(* In the setting of the context, define for $\lambda\in Y$, $t\in\mathbb R$: $\hat P(t,\lambda)=\hat T(t,0,\lambda)S(0,\lambda)P(0)S(0,\lambda)^{-1}\hat T(0,t,\lambda)$ and $\hat Q(t,\lambda)=\hat T(t,0,\lambda)S(0,\lambda)Q(0)S(0,\lambda)^{-1}\hat T(0,t,\lambda)$, where $S(0,\lambda)=U^\lambda(0,0)+V^\lambda(0,0)$ (which is invertible) and $\hat T(t,s,\lambda)$ is the evolution operator of $x'=(A(t)+B(t,\lambda))x$. Then $\hat P(t,\lambda),\hat Q(t,\lambda)$ are complementary projections with $\hat P(t,\lambda)\hat T(t,s,\lambda)=\hat T(t,s,\lambda)\hat P(s,\lambda)$, and with $\hat K=K/(1-KcN)$: (1) $\|\hat T(t,s,\lambda)\hat P(s,\lambda)\|\le\hat K(h(t)/h(s))^a\mu(|s|)^\varepsilon\|\hat P(s,\lambda)\|$ for $t\ge s$, and $\|\hat T(t,s,\lambda)\hat Q(s,\lambda)\|\le\hat K(k(s)/k(t))^{-b}\nu(|s|)^\varepsilon\|\hat Q(s,\lambda)\|$ for $t\le s$; (2) $\|\hat P(t,\lambda)\|\le\frac{K}{1-2K\hat KcN}(\mu(|t|)^\varepsilon+\nu(|t|)^\varepsilon)$ and $\|\hat Q(t,\lambda)\|\le\frac{K}{1-2K\hat KcN}(\mu(|t|)^\varepsilon+\nu(|t|)^\varepsilon)$.
   Context: Setting: $X$ Banach space, $Y$ open subset of a Banach space with norm $|\cdot|$; $A(t)\in\mathcal B(X)$ continuous with evolution operator $T(t,s)$; $x'=A(t)x$ admits a nonuniform $(h,k,\mu,\nu)$-dichotomy on $\mathbb R$: projections $P(t)$ with $P(t)T(t,s)=T(t,s)P(s)$, $Q=\mathrm{Id}-P$, constants $a<0\le b$, $\varepsilon\ge0$, $K>0$ with $\|T(t,s)P(s)\|\le K(h(t)/h(s))^a\mu(|s|)^\varepsilon$ ($t\ge s$), $\|T(t,s)Q(s)\|\le K(k(s)/k(t))^{-b}\nu(|s|)^\varepsilon$ ($s\ge t$), where $h,k,\mu,\nu$ are growth rates (increasing $u:\mathbb R\to(0,\infty)$, $u(0)=1$, $u(+\infty)=\infty$, $u(-\infty)=0$), with $\lim_{t\to\infty}k(t)^{-b}\nu(|t|)^\varepsilon=0$, $\lim_{t\to-\infty}h(t)^{-a}\mu(|t|)^\varepsilon=0$. $B:\mathbb R\times Y\to\mathcal B(X)$ with $\|B(t,\lambda)\|\le c\min\{\mu(|t|)^{-\omega-\varepsilon},\nu(|t|)^{-\omega-\varepsilon}\}$ and $\|B(t,\lambda_1)-B(t,\lambda_2)\|\le c|\lambda_1-\lambda_2|\min\{\mu(|t|)^{-\omega-\varepsilon},\nu(|t|)^{-\omega-\varepsilon}\}$, $c,\omega>0$; $\nu(|t|)^\varepsilon\int_{-\infty}^t\mu(|\tau|)^{-\omega}d\tau+\mu(|t|)^\varepsilon\int_t^\infty\nu(|\tau|)^{-\omega}d\tau\le N$ for all $t$; and $c<[KN(2K+1)]^{-1}$. $\Omega_1$ ($s$ fixed): continuous families $U(t,s)_{t\ge s}\subset\mathcal B(X)$ with $\|U\|_1=\sup_{t\ge s}\|U(t,s)\|(h(t)/h(s))^{-a}\mu(|s|)^{-\varepsilon}<\infty$; $\Omega_2$: continuous families $V(t,s)_{t\le s}$ with $\|V\|_2=\sup_{t\le s}\|V(t,s)\|(k(s)/k(t))^{b}\nu(|s|)^{-\varepsilon}<\infty$. $U^\lambda\in\Omega_1$ is the unique element with $U^\lambda(t,s)=T(t,s)P(s)+\int_s^tT(t,\tau)P(\tau)B(\tau,\lambda)U^\lambda(\tau,s)d\tau-\int_t^\infty T(t,\tau)Q(\tau)B(\tau,\lambda)U^\lambda(\tau,s)d\tau$ ($t\ge s$); $V^\lambda\in\Omega_2$ the unique element with $V^\lambda(t,s)=T(t,s)Q(s)+\int_{-\infty}^tT(t,\tau)P(\tau)B(\tau,\lambda)V^\lambda(\tau,s)d\tau-\int_t^sT(t,\tau)Q(\tau)B(\tau,\lambda)V^\lambda(\tau,s)d\tau$ ($t\le s$). *)

theory Defs
  imports "HOL-Analysis.Analysis"
begin
lemma four_block_mat_mult_cograph:
  fixes A B C D L :: "'a :: ring_1 mat"
  assumes D: "D \<in> carrier_mat n1 n1" and C: "C \<in> carrier_mat n1 n2"
    and B: "B \<in> carrier_mat n2 n1" and A: "A \<in> carrier_mat n2 n2"
    and L: "L \<in> carrier_mat n1 n2" and riccati: "D * L + C = L * (A + B * L)"
  shows "four_block_mat D C B A * (L @\<^sub>r 1\<^sub>m n2) = (L @\<^sub>r 1\<^sub>m n2) * (A + B * L)"
proof -
  have "four_block_mat D C B A * (L @\<^sub>r 1\<^sub>m n2) = (D * L + C) @\<^sub>r (B * L + A)"
    using four_block_mat_mult_append_rows[OF D C B A L one_carrier_mat] C A by simp
  also have "\<dots> = (L * (A + B * L)) @\<^sub>r (A + B * L)"
    using assms by (simp add: riccati comm_add_mat[of _ n2 n2])
  also have "\<dots> = (L @\<^sub>r 1\<^sub>m n2) * (A + B * L)"
    using mult_append_rows[OF L one_carrier_mat, of "A + B * L" n2] A B L by simp
  finally show ?thesis .
qed

lemma cograph_of_transpose_graph:
  fixes A B C D L G :: "'a :: comm_ring_1 mat"
  assumes D: "D \<in> carrier_mat n1 n1" and C: "C \<in> carrier_mat n1 n2"
    and B: "B \<in> carrier_mat n2 n1" and A: "A \<in> carrier_mat n2 n2"
    and L: "L \<in> carrier_mat n1 n2" and G: "G \<in> carrier_mat n1 n1"
    and inv: "transpose_mat (four_block_mat D C B A) * (1\<^sub>m n1 @\<^sub>r - transpose_mat L)
      = (1\<^sub>m n1 @\<^sub>r - transpose_mat L) * G"
  shows "transpose_mat G = D - L * B" "D * L + C = L * (A + B * L)"
proof -
  have G_eq: "G = transpose_mat D + transpose_mat B * - transpose_mat L"
    and Ct: "transpose_mat C + transpose_mat A * - transpose_mat L = - transpose_mat L * G"
    using inv assms
    by (simp_all add: transpose_four_block_mat[OF D C B A] four_block_mat_mult_graph_iff)
  show Gt: "transpose_mat G = D - L * B"
    unfolding G_eq using assms
    by (simp add: transpose_add[of _ n1 n1] transpose_minus[of _ n1 n1] transpose_mult_dim
        transpose_uminus add_uminus_minus_mat[of _ n1 n1])
  have CT: "C + - (L * A) = - (D * L - L * (B * L))"
    using arg_cong[OF Ct, of transpose_mat] assms
    by (simp add: transpose_add transpose_uminus transpose_mult_dim mat_ring_dim Gt)
  show "D * L + C = L * (A + B * L)"
  proof (rule eq_matI)
    fix i j assume ij: "i < dim_row (L * (A + B * L))" "j < dim_col (L * (A + B * L))"
    have "(C + - (L * A)) $$ (i, j) = (- (D * L - L * (B * L))) $$ (i, j)"
      using CT by simp
    then show "(D * L + C) $$ (i, j) = (L * (A + B * L)) $$ (i, j)"
      using assms ij by (simp add: mat_ring_dim algebra_simps)
  qed (use assms in auto)
qed
definition entails :: "'p::finite constr set \<Rightarrow> 'p constr \<Rightarrow> bool" where
  "entails C c \<longleftrightarrow> csem C \<subseteq> {v. sat_constr v c}"

text \<open>Clocks are x_0, ..., x_n represented by the naturals 0..n; 0 is the zero clock.
  A clock valuation is a function nat => real (only indices 0..n matter).
  A bound is a pair (e, b) with b = True meaning \<le> and b = False meaning <.\<close>

type_synonym 'p bnd = "'p eexpr \<times> bool"
type_synonym cval = "nat \<Rightarrow> real"

text \<open>A guard atom (i, j, b, e) is x_i - x_j \<prec> e, \<prec> = \<le> iff b.\<close>
type_synonym 'p atom = "nat \<times> nat \<times> bool \<times> 'p expr"
type_synonym 'p guard = "'p atom list"

definition is_cval :: "cval \<Rightarrow> bool" where
  "is_cval \<eta> \<longleftrightarrow> \<eta> 0 = 0 \<and> (\<forall>i. \<eta> i \<ge> 0)"

definition sat_bnd :: "'p::finite pval \<Rightarrow> cval \<Rightarrow> nat \<Rightarrow> nat \<Rightarrow> 'p bnd \<Rightarrow> bool" where
  "sat_bnd v \<eta> i j b = (if snd b then ereal (\<eta> i - \<eta> j) \<le> eval_eexpr v (fst b)
                              else ereal (\<eta> i - \<eta> j) < eval_eexpr v (fst b))"

definition sat_guard :: "'p::finite pval \<Rightarrow> cval \<Rightarrow> 'p guard \<Rightarrow> bool" where
  "sat_guard v \<eta> g \<longleftrightarrow> (\<forall>(i, j, b, e) \<in> set g. sat_bnd v \<eta> i j (Some e, b))"

definition simple_guard :: "nat \<Rightarrow> 'p guard \<Rightarrow> bool" where
  "simple_guard n g \<longleftrightarrow> (\<forall>(i, j, b, e) \<in> set g. i \<le> n \<and> j \<le> n \<and> (i = 0 \<or> j = 0))"

definition delay :: "cval \<Rightarrow> real \<Rightarrow> cval" where
  "delay \<eta> d = (\<lambda>i. if i = 0 then \<eta> i else \<eta> i + d)"

definition reset_cval :: "nat list \<Rightarrow> cval \<Rightarrow> cval" where
  "reset_cval R \<eta> = (\<lambda>i. if i \<in> set R then 0 else \<eta> i)"

text \<open>A PTA (L, l0, X, P, Delta, Inv): X = {x_0..x_nclk}; P = UNIV :: 'p set.
  Reset sets are given as lists (applied sequentially in the symbolic semantics).\<close>
record ('l, 'p) pta =
  locs :: "'l set"
  init :: "'l"
  nclk :: nat
  trans :: "('l \<times> 'p guard \<times> nat list \<times> 'l) set"
  inv :: "'l \<Rightarrow> 'p guard"

definition wf_pta :: "('l, 'p) pta \<Rightarrow> bool" where
  "wf_pta M \<longleftrightarrow> finite (locs M) \<and> init M \<in> locs M
     \<and> (\<forall>(l, g, R, l') \<in> trans M. l \<in> locs M \<and> l' \<in> locs M
           \<and> simple_guard (nclk M) g \<and> (\<forall>r \<in> set R. r \<le> nclk M))
     \<and> (\<forall>l \<in> locs M. simple_guard (nclk M) (inv M l))"

type_synonym ('l, 'p) ptba = "('l, 'p) pta \<times> 'l set"

definition wf_ptba :: "('l, 'p) ptba \<Rightarrow> bool" where
  "wf_ptba A \<longleftrightarrow> wf_pta (fst A) \<and> snd A \<subseteq> locs (fst A)"

type_synonym 'l cstate = "'l \<times> cval"

definition cstates :: "('l, 'p) pta \<Rightarrow> 'l cstate set" where
  "cstates M = {(l, \<eta>). l \<in> locs M \<and> is_cval \<eta>}"

definition delay_step :: "('l, 'p::finite) pta \<Rightarrow> 'p pval \<Rightarrow> 'l cstate \<Rightarrow> real \<Rightarrow> 'l cstate \<Rightarrow> bool" where
  "delay_step M v s d s' \<longleftrightarrow> d \<ge> 0 \<and> fst s' = fst s \<and> snd s' = delay (snd s) d
      \<and> sat_guard v (delay (snd s) d) (inv M (fst s))"

definition act_step :: "('l, 'p::finite) pta \<Rightarrow> 'p pval \<Rightarrow> 'l cstate \<Rightarrow> 'l cstate \<Rightarrow> bool" where
  "act_step M v s s' \<longleftrightarrow> (\<exists>g R. (fst s, g, R, fst s') \<in> trans M \<and> sat_guard v (snd s) g
      \<and> snd s' = reset_cval R (snd s) \<and> sat_guard v (snd s') (inv M (fst s')))"

definition ta_sim :: "('l, 'p::finite) pta \<Rightarrow> 'p pval \<Rightarrow> ('l cstate \<times> 'l cstate) set \<Rightarrow> bool" where
  "ta_sim M v R \<longleftrightarrow> R \<subseteq> cstates M \<times> cstates M \<and>
     (\<forall>(s1, s2) \<in> R.
        (\<forall>s1'. act_step M v s1 s1' \<longrightarrow> (\<exists>s2'. act_step M v s2 s2' \<and> (s1', s2') \<in> R))
      \<and> (\<forall>d1 s1'. delay_step M v s1 d1 s1' \<longrightarrow>
            (\<exists>d2 s2'. delay_step M v s2 d2 s2' \<and> (s1', s2') \<in> R)))"

definition sim_le :: "('l, 'p::finite) pta \<Rightarrow> 'p pval \<Rightarrow> 'l cstate \<Rightarrow> 'l cstate \<Rightarrow> bool" where
  "sim_le M v s1 s2 \<longleftrightarrow> (\<exists>R. ta_sim M v R \<and> (s1, s2) \<in> R)"

type_synonym 'p dbm = "nat \<Rightarrow> nat \<Rightarrow> 'p bnd"

definition zone :: "nat \<Rightarrow> 'p::finite constr set \<Rightarrow> 'p dbm \<Rightarrow> ('p pval \<times> cval) set" where
  "zone n C D = {(v, \<eta>). v \<in> csem C \<and> is_cval \<eta> \<and> (\<forall>i\<le>n. \<forall>j\<le>n. sat_bnd v \<eta> i j (D i j))}"

definition is_pdbm :: "nat \<Rightarrow> 'p dbm \<Rightarrow> bool" where
  "is_pdbm n D \<longleftrightarrow> (\<forall>i\<le>n. D i i = (Some (const_expr 0), True))"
────────────────
_TASK PROMPT:_
Only one stretch of the records above is wanted: the lines between the one holding "M \<in> locs M" and the one holding "s' = delay (snd s) d", inclusive, reproduced exactly.

_RESPONSE TO THE EXERCISE:_
  "wf_pta M \<longleftrightarrow> finite (locs M) \<and> init M \<in> locs M
     \<and> (\<forall>(l, g, R, l') \<in> trans M. l \<in> locs M \<and> l' \<in> locs M
           \<and> simple_guard (nclk M) g \<and> (\<forall>r \<in> set R. r \<le> nclk M))
     \<and> (\<forall>l \<in> locs M. simple_guard (nclk M) (inv M l))"

type_synonym ('l, 'p) ptba = "('l, 'p) pta \<times> 'l set"

definition wf_ptba :: "('l, 'p) ptba \<Rightarrow> bool" where
  "wf_ptba A \<longleftrightarrow> wf_pta (fst A) \<and> snd A \<subseteq> locs (fst A)"

type_synonym 'l cstate = "'l \<times> cval"

definition cstates :: "('l, 'p) pta \<Rightarrow> 'l cstate set" where
  "cstates M = {(l, \<eta>). l \<in> locs M \<and> is_cval \<eta>}"

definition delay_step :: "('l, 'p::finite) pta \<Rightarrow> 'p pval \<Rightarrow> 'l cstate \<Rightarrow> real \<Rightarrow> 'l cstate \<Rightarrow> bool" where
  "delay_step M v s d s' \<longleftrightarrow> d \<ge> 0 \<and> fst s' = fst s \<and> snd s' = delay (snd s) d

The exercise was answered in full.